[Items from a data source]

(* There exist an environment $E$ and a total preorder $\succeq$ on $\Pi^E$ such that $\succeq\in\mathrm{Ord}_{\mathrm{ONMR}}(E)$ but $\succeq\notin\mathrm{Ord}_{\mathrm{FTR}}(E)$.
   Context: An environment is a tuple $E=(\mathcal S,\mathcal A,\mathcal T,\mathcal I)$ where $\mathcal S,\mathcal A$ are finite nonempty sets, $\mathcal T:\mathcal S\times\mathcal A\to\Delta(\mathcal S)$ and $\mathcal I\in\Delta(\mathcal S)$. A policy is a map $\pi:\mathcal S\to\Delta(\mathcal A)$ (stationary, possibly stochastic); $\Pi^E$ denotes the set of all policies. A trajectory $\xi=(s_0,a_0,s_1,a_1,\dots)\in\Xi:=\mathcal S\times(\mathcal A\times\mathcal S)^\omega$ is generated under $\pi$ by $s_0\sim\mathcal I$, $a_t\sim\pi(s_t)$, $s_{t+1}\sim\mathcal T(s_t,a_t)$; $\mathbb E^\pi_\xi$ denotes expectation under this distribution. An objective-specification formalism $X$ assigns to each environment $E$ a set of objective specifications, each inducing a total preorder $\succeq$ on $\Pi^E$; $\mathrm{Ord}_X(E)$ is the set of total preorders so induced. A specification defining a scalar $J:\Pi^E\to\mathbb R$ induces $\pi_1\succeq\pi_2\iff J(\pi_1)\ge J(\pi_2)$. ONMR: specification $(\mathcal R,f,\gamma)$ with $\mathcal R:\mathcal S\times\mathcal A\times\mathcal S\to\mathbb R$, $f:\mathbb R\to\mathbb R$, $\gamma\in[0,1)$; $J(\pi)=f\big(\mathbb E^\pi_\xi[\sum_{t=0}^\infty\gamma^t\mathcal R(s_t,a_t,s_{t+1})]\big)$. FTR: specification $(f)$ with $f:\Xi\to\mathbb R$ Borel measurable (product topology on $\Xi$) such that $\mathbb E^\pi_\xi[f(\xi)]$ is well-defined and finite for every policy; $J(\pi)=\mathbb E^\pi_\xi[f(\xi)]$. *)

theory Defs
  imports "HOL-Probability.Probability"
begin

record ('s, 'a) env =
  St   :: "'s set"
  Ac   :: "'a set"
  Tr   :: "'s \<Rightarrow> 'a \<Rightarrow> 's pmf"
  Init :: "'s pmf"

definition valid_env :: "('s, 'a) env \<Rightarrow> bool" where
  "valid_env E \<longleftrightarrow> finite (St E) \<and> St E \<noteq> {} \<and> finite (Ac E) \<and> Ac E \<noteq> {}
     \<and> set_pmf (Init E) \<subseteq> St E
     \<and> (\<forall>s\<in>St E. \<forall>a\<in>Ac E. set_pmf (Tr E s a) \<subseteq> St E)"

definition policies :: "('s, 'a) env \<Rightarrow> ('s \<Rightarrow> 'a pmf) set" where
  "policies E = {\<pi>. (\<forall>s\<in>St E. set_pmf (\<pi> s) \<subseteq> Ac E) \<and> (\<forall>s. s \<notin> St E \<longrightarrow> \<pi> s = undefined)}"

(* Trajectories xi = (s0,a0,s1,a1,...) are represented as streams of pairs (s_t, a_t),
   with the product sigma-algebra of the discrete spaces (= Borel sets of the product topology). *)
definition traj_space :: "('s, 'a) env \<Rightarrow> ('s \<times> 'a) stream measure" where
  "traj_space E = stream_space (count_space (St E \<times> Ac E))"

fun pp_from :: "('s, 'a) env \<Rightarrow> ('s \<Rightarrow> 'a pmf) \<Rightarrow> ('s \<times> 'a) list \<Rightarrow> ennreal" where
  "pp_from E \<pi> [] = 1"
| "pp_from E \<pi> [(s, a)] = ennreal (pmf (\<pi> s) a)"
| "pp_from E \<pi> ((s, a) # (s', a') # rest) =
     ennreal (pmf (\<pi> s) a) * ennreal (pmf (Tr E s a) s') * pp_from E \<pi> ((s', a') # rest)"

fun path_prob :: "('s, 'a) env \<Rightarrow> ('s \<Rightarrow> 'a pmf) \<Rightarrow> ('s \<times> 'a) list \<Rightarrow> ennreal" where
  "path_prob E \<pi> [] = 1"
| "path_prob E \<pi> ((s, a) # rest) = ennreal (pmf (Init E) s) * pp_from E \<pi> ((s, a) # rest)"

definition traj_measure :: "('s, 'a) env \<Rightarrow> ('s \<Rightarrow> 'a pmf) \<Rightarrow> ('s \<times> 'a) stream measure" where
  "traj_measure E \<pi> = (THE M. sets M = sets (traj_space E) \<and> prob_space M \<and>
      (\<forall>xs. emeasure M {\<omega> \<in> space (traj_space E). stake (length xs) \<omega> = xs} = path_prob E \<pi> xs))"

definition ord_of :: "('s, 'a) env \<Rightarrow> (('s \<Rightarrow> 'a pmf) \<Rightarrow> real) \<Rightarrow> ('s \<Rightarrow> 'a pmf) rel" where
  "ord_of E J = {(\<pi>1, \<pi>2). \<pi>1 \<in> policies E \<and> \<pi>2 \<in> policies E \<and> J \<pi>1 \<ge> J \<pi>2}"

definition disc_return :: "('s \<Rightarrow> 'a \<Rightarrow> 's \<Rightarrow> real) \<Rightarrow> real \<Rightarrow> ('s \<times> 'a) stream \<Rightarrow> real" where
  "disc_return R \<gamma> \<omega> =
     (\<Sum>t. \<gamma> ^ t * R (fst (\<omega> !! t)) (snd (\<omega> !! t)) (fst (\<omega> !! Suc t)))"

definition Ord_ONMR :: "('s, 'a) env \<Rightarrow> ('s \<Rightarrow> 'a pmf) rel set" where
  "Ord_ONMR E = {ord_of E (\<lambda>\<pi>. f (\<integral>\<omega>. disc_return R \<gamma> \<omega> \<partial>traj_measure E \<pi>))
                  | (R :: 's \<Rightarrow> 'a \<Rightarrow> 's \<Rightarrow> real) (f :: real \<Rightarrow> real) (\<gamma> :: real).
                  0 \<le> \<gamma> \<and> \<gamma> < 1}"

(* FTR: J(pi) = E^pi[f(xi)], f Borel measurable with finite, well-defined expectation
   under every policy (i.e. Lebesgue integrable). *)
definition Ord_FTR :: "('s, 'a) env \<Rightarrow> ('s \<Rightarrow> 'a pmf) rel set" where
  "Ord_FTR E = {ord_of E (\<lambda>\<pi>. \<integral>\<omega>. f \<omega> \<partial>traj_measure E \<pi>)
                 | f. f \<in> borel_measurable (traj_space E) \<and>
                      (\<forall>\<pi>\<in>policies E. integrable (traj_measure E \<pi>) f)}"

definition total_preorder_on :: "'x set \<Rightarrow> 'x rel \<Rightarrow> bool" where
  "total_preorder_on A r \<longleftrightarrow> preorder_on A r \<and> total_on A r"

end

theory Submission
  imports Defs
begin

text \<open>Take two states: in state 0 the agent plays action 0 with probability p, then moves to the
absorbing state 1. Every trajectory has one of two shapes, so any trajectory objective
E[f(\<xi>)] is affine in p. A policy ordering in which p = 0 and p = 1 tie but p = 1/2 is
strictly better is therefore not of FTR form, while ONMR produces it: with discount 0 and
reward 1 for action 0 in state 0 the expected return is p, and f x = -|x - 1/2| bends it.\<close>

definition cylinder :: "('s, 'a) env \<Rightarrow> ('s \<times> 'a) list \<Rightarrow> ('s \<times> 'a) stream set" where
  "cylinder E xs = {\<omega> \<in> space (traj_space E). stake (length xs) \<omega> = xs}"

lemma space_traj_space [simp]: "space (traj_space E) = streams (St E \<times> Ac E)"
  by (simp add: traj_space_def space_stream_space)

lemma sstart_iff_stake:
  "\<omega> \<in> streams S \<Longrightarrow> \<omega> \<in> sstart S xs \<longleftrightarrow> stake (length xs) \<omega> = xs"
  by (auto simp add: sstart_eq list_eq_iff_nth_eq)

lemma stake_in_lists: "\<omega> \<in> streams S \<Longrightarrow> stake n \<omega> \<in> lists S"
  by (induction n arbitrary: \<omega>) (auto intro: streams_stl streams_shd)

lemma cylinder_eq_sstart:
  "xs \<in> lists (St E \<times> Ac E) \<Longrightarrow> cylinder E xs = sstart (St E \<times> Ac E) xs"
  using sstart_in_streams[of xs "St E \<times> Ac E"] sstart_iff_stake[of _ "St E \<times> Ac E" xs]
  unfolding cylinder_def by auto

lemma cylinder_outside_lists:
  "xs \<notin> lists (St E \<times> Ac E) \<Longrightarrow> cylinder E xs = {}"
  unfolding cylinder_def using stake_in_lists[of _ "St E \<times> Ac E" "length xs"] by force

lemma sets_traj_space_sstart:
  assumes "countable (St E \<times> Ac E)"
  shows "sets (traj_space E) =
    sigma_sets (streams (St E \<times> Ac E)) (sstart (St E \<times> Ac E) ` lists (St E \<times> Ac E) \<union> {{}})"
  unfolding traj_space_def using sets_stream_space_sstart[OF assms]
  by (simp add: image_subset_iff sstart_in_streams)

lemma sets_cylinder:
  assumes "countable (St E \<times> Ac E)"
  shows "cylinder E xs \<in> sets (traj_space E)"
  by (cases "xs \<in> lists (St E \<times> Ac E)")
     (simp_all add: cylinder_eq_sstart cylinder_outside_lists sets_traj_space_sstart[OF assms])

text \<open>Cylinders form an \<inter>-stable generator of the trajectory \<sigma>-algebra, so their
probabilities determine the measure characterized in the definition of traj_measure.\<close>

lemma traj_measure_eqI:
  assumes countable: "countable (St E \<times> Ac E)"
    and sets_M: "sets M = sets (traj_space E)" and "prob_space M"
    and cyl_M: "\<And>xs. emeasure M (cylinder E xs) = path_prob E \<pi> xs"
  shows "traj_measure E \<pi> = M"
proof -
  let ?S = "St E \<times> Ac E"
  let ?G = "sstart ?S ` lists ?S \<union> {{}}"
  have unique: "N = M" if sets_N: "sets N = sets (traj_space E)"
    and cyl_N: "\<And>xs. emeasure N (cylinder E xs) = path_prob E \<pi> xs" for N
  proof (rule measure_eqI_generator_eq[OF Int_stable_sstart])
    show "?G \<subseteq> Pow (streams ?S)"
      by (auto dest: sstart_in_streams del: in_listsD)
    show "sets N = sigma_sets (streams ?S) ?G" "sets M = sigma_sets (streams ?S) ?G"
      using sets_N sets_M sets_traj_space_sstart[OF countable] by simp_all
    show "emeasure N X = emeasure M X" if "X \<in> ?G" for X
    proof -
      from that consider xs where "X = cylinder E xs" | "X = {}"
        using cylinder_eq_sstart by blast
      then show ?thesis using cyl_N cyl_M by cases auto
    qed
    show "range (\<lambda>_. streams ?S) \<subseteq> ?G" by (auto intro: image_eqI[where x="[]"])
    show "(\<Union>i. streams ?S) = streams ?S" by simp
    show "emeasure N (streams ?S) \<noteq> \<infinity>" for i :: nat
      using cyl_N[of "[]"] by (simp add: cylinder_def)
  qed
  show ?thesis
    unfolding traj_measure_def cylinder_def[symmetric]
  proof (rule the_equality)
    show "sets M = sets (traj_space E) \<and> prob_space M \<and>
        (\<forall>xs. emeasure M (cylinder E xs) = path_prob E \<pi> xs)"
      using assms by simp
  qed (use unique in blast)
qed

definition coin_env :: "(nat, nat) env" where
  "coin_env = \<lparr>St = {0, 1}, Ac = {0, 1}, Tr = (\<lambda>_ _. return_pmf 1), Init = return_pmf 0\<rparr>"

definition coin_action :: "bool \<Rightarrow> nat" where
  "coin_action b = (if b then 0 else 1)"

definition coin_pmf :: "real \<Rightarrow> nat pmf" where
  "coin_pmf p = map_pmf coin_action (bernoulli_pmf p)"

definition coin_policy :: "real \<Rightarrow> nat \<Rightarrow> nat pmf" where
  "coin_policy p s = (if s = 0 then coin_pmf p else if s = 1 then return_pmf 0 else undefined)"

definition coin_traj :: "bool \<Rightarrow> (nat \<times> nat) stream" where
  "coin_traj b = (0, coin_action b) ## sconst (1, 0)"

lemma coin_env_simps [simp]:
  "St coin_env = {0, 1}" "Ac coin_env = {0, 1}"
  "Tr coin_env s a = return_pmf 1" "Init coin_env = return_pmf 0"
  by (simp_all add: coin_env_def)

lemma valid_coin_env: "valid_env coin_env"
  by (simp add: valid_env_def)

lemma countable_coin_env: "countable (St coin_env \<times> Ac coin_env)"
  by (simp add: countable_finite)

lemma set_coin_pmf: "set_pmf (coin_pmf p) \<subseteq> {0, 1}"
  by (auto simp: coin_pmf_def coin_action_def)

▸ Your instructions
Every line above that contains the word "state" should be reported.

▸ Result
text \<open>Take two states: in state 0 the agent plays action 0 with probability p, then moves to the
absorbing state 1. Every trajectory has one of two shapes, so any trajectory objective
reward 1 for action 0 in state 0 the expected return is p, and f x = -|x - 1/2| bends it.\<close>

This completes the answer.